Mining managers routinely must make critical operations decisions—while meeting day-to-day obligations such as safety and production targets. Such decisions typically involve complex trade-offs (such as between operating cost versus yield in processing plants). Yet many managers make sub-optimal decisions, relying on simple spreadsheets or rules of thumb. Taking advantage of machine learning can help them avoid this pitfall. But first, they must familiarise themselves with the technology.
Machine learning: A quick primer
Machine learning, a subfield of artificial intelligence, comprises algorithms that aim to understand relationships in complex data sets, and that use that understanding to make predictions. These predictions can be simple, such as what temperature an equipment component will reach under certain conditions, or complex - for instance, whether and when a crusher will fail.
The algorithms ‘learn' by discovering the relationships in the data, without a person having to program specific rules, relationships or equations. Through such learning, an algorithm can detect complex patterns emerging from thousands of variables, even in complex operating environments such as mines.

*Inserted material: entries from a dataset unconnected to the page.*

lemma admissible_on_peel:
  assumes orient: "well_oriented E" and M: "M > 0" and bound: "\<forall>v\<in>S. \<bar>k v\<bar> \<le> M"
  defines "T \<equiv> {v\<in>S. k v = M}" and "W \<equiv> {v\<in>S. k v = - M}"
  shows "admissible_on E S k \<longleftrightarrow>
           admissible_on E (S - T - W) k \<and> T \<subseteq> sinks_on E S \<and> W \<subseteq> sources_on E S"
proof -
  let ?x = "\<lambda>e. k (e_u e)" and ?y = "\<lambda>e. k (e_w e)"
  have "admissible_on E S k \<longleftrightarrow> (\<forall>e\<in>set E. induced_edge S e \<longrightarrow>
      (?x e = M \<longrightarrow> e_au e) \<and> (?x e = - M \<longrightarrow> \<not> e_au e) \<and>
      (?y e = M \<longrightarrow> e_aw e) \<and> (?y e = - M \<longrightarrow> \<not> e_aw e) \<and>
      (\<bar>?x e\<bar> < M \<longrightarrow> \<bar>?y e\<bar> < M \<longrightarrow> respects_edge e (?x e) (?y e)))"
    unfolding admissible_on_def
    using orient bound M unfolding well_oriented_def induced_edge_def
    by (intro ball_cong refl imp_cong respects_edge_extreme_iff) auto
  moreover have "admissible_on E (S - T - W) k \<longleftrightarrow> (\<forall>e\<in>set E. induced_edge S e \<longrightarrow>
      \<bar>?x e\<bar> < M \<longrightarrow> \<bar>?y e\<bar> < M \<longrightarrow> respects_edge e (?x e) (?y e))"
  proof -
    have "v \<in> S - T - W \<longleftrightarrow> v \<in> S \<and> \<bar>k v\<bar> < M" for v
      using bound unfolding T_def W_def by force
    then show ?thesis unfolding admissible_on_def induced_edge_def by blast
  qed
  moreover have "T \<subseteq> sinks_on E S \<longleftrightarrow>
      (\<forall>e\<in>set E. induced_edge S e \<longrightarrow> (?x e = M \<longrightarrow> e_au e) \<and> (?y e = M \<longrightarrow> e_aw e))"
    unfolding T_def sinks_on_def induced_edge_def by blast
  moreover have "W \<subseteq> sources_on E S \<longleftrightarrow>
      (\<forall>e\<in>set E. induced_edge S e \<longrightarrow> (?x e = - M \<longrightarrow> \<not> e_au e) \<and> (?y e = - M \<longrightarrow> \<not> e_aw e))"
    unfolding W_def sources_on_def induced_edge_def by blast
  ultimately show ?thesis by blast
qed

lemma extend_coloring_level_sets:
  assumes "T \<subseteq> S" "W \<subseteq> S" "T \<inter> W = {}" "M > 0" "\<forall>v\<in>S - T - W. \<bar>k v\<bar> < M"
  shows "{v\<in>S. extend_coloring T W M k v = M} = T"
    and "{v\<in>S. extend_coloring T W M k v = - M} = W"
proof -
  have inner: "\<bar>k v\<bar> < M" if "v \<in> S" "v \<notin> T" "v \<notin> W" for v
    using assms(5) that by blast
  show "{v\<in>S. extend_coloring T W M k v = M} = T"
  proof (intro equalityI subsetI)
    fix v assume "v \<in> {v\<in>S. extend_coloring T W M k v = M}"
    then show "v \<in> T"
      using inner[of v] assms(4) unfolding extend_coloring_def by (auto split: if_splits)
  qed (use assms(1) in \<open>auto simp: extend_coloring_def\<close>)
  show "{v\<in>S. extend_coloring T W M k v = - M} = W"
  proof (intro equalityI subsetI)
    fix v assume "v \<in> {v\<in>S. extend_coloring T W M k v = - M}"
    then show "v \<in> W"
      using inner[of v] assms(4) unfolding extend_coloring_def by (auto split: if_splits)
  qed (use assms(2,3) in \<open>auto simp: extend_coloring_def\<close>)
qed

lemma extend_coloring_in_colorings:
  fixes m :: nat
  assumes orient: "well_oriented E"
    and TW: "(T, W) \<in> disjoint_pairs (sinks_on E S) (sources_on E S)"
    and k: "k \<in> colorings E (S - T - W) m"
  defines "M \<equiv> int (Suc m)"
  shows "extend_coloring T W M k \<in> colorings E S (Suc m)"
    and "{v\<in>S. extend_coloring T W M k v = M} = T"
    and "{v\<in>S. extend_coloring T W M k v = - M} = W"
    and "restrict (extend_coloring T W M k) (S - T - W) = k"
proof -
  let ?y = "extend_coloring T W M k"
  have M: "M > 0" unfolding M_def by simp
  have T: "T \<subseteq> S" "T \<subseteq> sinks_on E S" and W: "W \<subseteq> S" "W \<subseteq> sources_on E S" and "T \<inter> W = {}"
    using TW sinks_on_subset sources_on_subset unfolding disjoint_pairs_def by blast+
  have ext: "k \<in> extensional (S - T - W)" and inner: "\<forall>v\<in>S - T - W. \<bar>k v\<bar> < M"
    using k unfolding colorings_def M_def by (force simp: PiE_iff abs_less_iff)+
  show levels: "{v\<in>S. ?y v = M} = T" "{v\<in>S. ?y v = - M} = W"
    using extend_coloring_level_sets[OF T(1) W(1) \<open>T \<inter> W = {}\<close> M inner] by blast+
  have bound: "\<forall>v\<in>S. \<bar>?y v\<bar> \<le> M"
    using inner M by (force simp: extend_coloring_def)
  have "admissible_on E (S - T - W) k" using k unfolding colorings_def by blast
  then have "admissible_on E (S - T - W) ?y"
    by (rule iffD1[OF admissible_on_cong, rotated]) (auto simp: extend_coloring_def)
  then have "admissible_on E S ?y"
    using admissible_on_peel[OF orient M bound] T(2) W(2) unfolding levels by blast
  moreover have "?y \<in> extensional S"
    using ext T(1) W(1) by (auto simp: extend_coloring_def extensional_def)
  ultimately show "?y \<in> colorings E S (Suc m)"
    using bound unfolding colorings_def M_def by (auto simp: PiE_iff abs_le_iff)
  show "restrict ?y (S - T - W) = k"
    using ext by (auto simp: extend_coloring_def extensional_def)
qed

lemma colorings_Suc_split:
  fixes m :: nat
  assumes orient: "well_oriented E" and k: "k \<in> colorings E S (Suc m)"
  defines "M \<equiv> int (Suc m)"
  defines "T \<equiv> {v\<in>S. k v = M}" and "W \<equiv> {v\<in>S. k v = - M}"
  shows "(T, W) \<in> disjoint_pairs (sinks_on E S) (sources_on E S)"
    and "restrict k (S - T - W) \<in> colorings E (S - T - W) m"
    and "extend_coloring T W M (restrict k (S - T - W)) = k"
proof -
  have M: "M > 0" unfolding M_def by simp
  have ext: "k \<in> extensional S" and bound: "\<forall>v\<in>S. \<bar>k v\<bar> \<le> M" and adm: "admissible_on E S k"
    using k unfolding colorings_def M_def by (auto simp: PiE_iff abs_le_iff)
  have peel: "admissible_on E (S - T - W) k" "T \<subseteq> sinks_on E S" "W \<subseteq> sources_on E S"
    using adm admissible_on_peel[OF orient M bound] unfolding T_def W_def by blast+
  moreover have "T \<inter> W = {}" unfolding T_def W_def using M by auto
  ultimately show "(T, W) \<in> disjoint_pairs (sinks_on E S) (sources_on E S)"
    unfolding disjoint_pairs_def by blast
  have "k v \<in> {- int m..int m}" if "v \<in> S - T - W" for v
    using bound[rule_format, of v] that unfolding T_def W_def M_def by auto
  then have "restrict k (S - T - W) \<in> (S - T - W) \<rightarrow>\<^sub>E {- int m..int m}"
    by (simp add: restrict_PiE_iff)
  moreover have "admissible_on E (S - T - W) (restrict k (S - T - W))"
    using peel(1) by (rule iffD1[OF admissible_on_cong, rotated]) simp
  ultimately show "restrict k (S - T - W) \<in> colorings E (S - T - W) m"
    unfolding colorings_def by blast
  show "extend_coloring T W M (restrict k (S - T - W)) = k"
  proof
    fix v show "extend_coloring T W M (restrict k (S - T - W)) v = k v"
      using ext unfolding T_def W_def extend_coloring_def
      by (cases "v \<in> S") (auto simp: extensional_def)
  qed
qed

lemma bij_betw_extend_coloring:
  assumes "well_oriented E"
  shows "bij_betw (\<lambda>((T, W), k). extend_coloring T W (int (Suc m)) k)
           (SIGMA (T, W):disjoint_pairs (sinks_on E S) (sources_on E S). colorings E (S - T - W) m)
           (colorings E S (Suc m))"
proof -
  let ?M = "int (Suc m)"
  define split where "split k = (({v\<in>S. k v = ?M}, {v\<in>S. k v = - ?M}),
      restrict k (S - {v\<in>S. k v = ?M} - {v\<in>S. k v = - ?M}))" for k
  have forward: "split (extend_coloring T W ?M k) = ((T, W), k) \<and>
      extend_coloring T W ?M k \<in> colorings E S (Suc m)"
    if "(T, W) \<in> disjoint_pairs (sinks_on E S) (sources_on E S)" "k \<in> colorings E (S - T - W) m"
    for T W k
    using extend_coloring_in_colorings[OF assms that] unfolding split_def by simp
  have backward: "(\<lambda>((T, W), k). extend_coloring T W ?M k) (split k) = k \<and>
      split k \<in> (SIGMA (T, W):disjoint_pairs (sinks_on E S) (sources_on E S).
                      colorings E (S - T - W) m)"
    if "k \<in> colorings E S (Suc m)" for k
    using colorings_Suc_split[OF assms that] unfolding split_def by simp
  show ?thesis
  proof (rule bij_betw_byWitness[where f' = split])
    show "split ` colorings E S (Suc m) \<subseteq>
        (SIGMA (T, W):disjoint_pairs (sinks_on E S) (sources_on E S). colorings E (S - T - W) m)"
      using backward by blast
  qed (use forward backward in auto)
qed

lemma finite_disjoint_pairs_sinks_sources:
  "finite S \<Longrightarrow> finite (disjoint_pairs (sinks_on E S) (sources_on E S))"
  by (intro finite_disjoint_pairs finite_subset[OF sinks_on_subset]
      finite_subset[OF sources_on_subset])

lemma sum_colorings_Suc:
  assumes "well_oriented E" "finite S"
  shows "(\<Sum>k\<in>colorings E S (Suc m). g k) =
    (\<Sum>(T, W)\<in>disjoint_pairs (sinks_on E S) (sources_on E S).
        \<Sum>k\<in>colorings E (S - T - W) m. g (extend_coloring T W (int (Suc m)) k))"
proof -
  let ?Sig = "SIGMA (T, W):disjoint_pairs (sinks_on E S) (sources_on E S).
                 colorings E (S - T - W) m"
  have "(\<Sum>k\<in>colorings E S (Suc m). g k) =
      (\<Sum>((T, W), k)\<in>?Sig. g (extend_coloring T W (int (Suc m)) k))"
    using sum.reindex_bij_betw[OF bij_betw_extend_coloring[OF assms(1)], of g]
    by (simp add: case_prod_unfold)
  also have "\<dots> = (\<Sum>TW\<in>disjoint_pairs (sinks_on E S) (sources_on E S).
      \<Sum>k\<in>colorings E (S - fst TW - snd TW) m.
        g (extend_coloring (fst TW) (snd TW) (int (Suc m)) k))"
    by (subst sum.Sigma)
       (auto simp: assms(2) finite_disjoint_pairs_sinks_sources finite_colorings split_def)
  also have "\<dots> = (\<Sum>(T, W)\<in>disjoint_pairs (sinks_on E S) (sources_on E S).
      \<Sum>k\<in>colorings E (S - T - W) m. g (extend_coloring T W (int (Suc m)) k))"
    by (simp add: case_prod_unfold)
  finally show ?thesis .
qed

lemma card_colorings_Suc_diff:
  assumes "well_oriented E" "finite S"
  shows "(of_nat (card (colorings E S (Suc m))) :: 'a::comm_ring_1) -
      of_nat (card (colorings E S m)) =
    (\<Sum>(T, W)\<in>disjoint_pairs (sinks_on E S) (sources_on E S) - {({}, {})}.
       of_nat (card (colorings E (S - T - W) m)))"
proof -
  let ?P = "disjoint_pairs (sinks_on E S) (sources_on E S)"
  let ?c = "\<lambda>(T, W). of_nat (card (colorings E (S - T - W) m)) :: 'a"
  have "({}, {}) \<in> ?P" unfolding disjoint_pairs_def by simp
  then have "sum ?c ?P = of_nat (card (colorings E S m)) + sum ?c (?P - {({}, {})})"
    using sum.remove[OF finite_disjoint_pairs_sinks_sources[OF assms(2)], where g = ?c] by simp
  moreover have "of_nat (card (colorings E S (Suc m))) = sum ?c ?P"
    using sum_colorings_Suc[OF assms, of "\<lambda>_. 1 :: 'a" m] by (simp add: case_prod_unfold)
  ultimately show ?thesis by simp
qed

lemma card_colorings_0:
  assumes "finite S"
  shows "card (colorings E S 0) = (if \<exists>e\<in>set E. induced_edge S e then 0 else 1)"
proof (cases "\<exists>e\<in>set E. induced_edge S e")
  case True
  then obtain e where e: "e \<in> set E" "induced_edge S e" by blast
  have "\<not> admissible_on E S k" if "k \<in> S \<rightarrow>\<^sub>E {0}" for k
  proof -
    have "k (e_u e) = 0" "k (e_w e) = 0"
      using that e(2) by (auto simp: induced_edge_def PiE_iff)
    then have "\<not> respects_edge e (k (e_u e)) (k (e_w e))" by (simp add: respects_edge_def)
    then show ?thesis using e unfolding admissible_on_def by blast
  qed
  then have "colorings E S 0 = {}" unfolding colorings_def by auto
  then show ?thesis using True by simp
next
  case False
  then have "colorings E S 0 = S \<rightarrow>\<^sub>E {0}" unfolding colorings_def admissible_on_def by auto
  then show ?thesis using False assms by (simp add: card_PiE)
qed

In fact, machine learning today routinely tackles problems that were impossible to solve as recently as five years ago, owing to the wealth of data available and the rise of cheap sensors and smart devices. New analytical tools, algorithms and data transmission technologies let managers analyse data they previously could not. Cheap and easy storage, along with massive increases in computing power (including scalable cloud computing), have made data analysis more affordable than ever. Forward-thinking miners are taking advantage of these developments to explore the benefits of machine learning for their operations.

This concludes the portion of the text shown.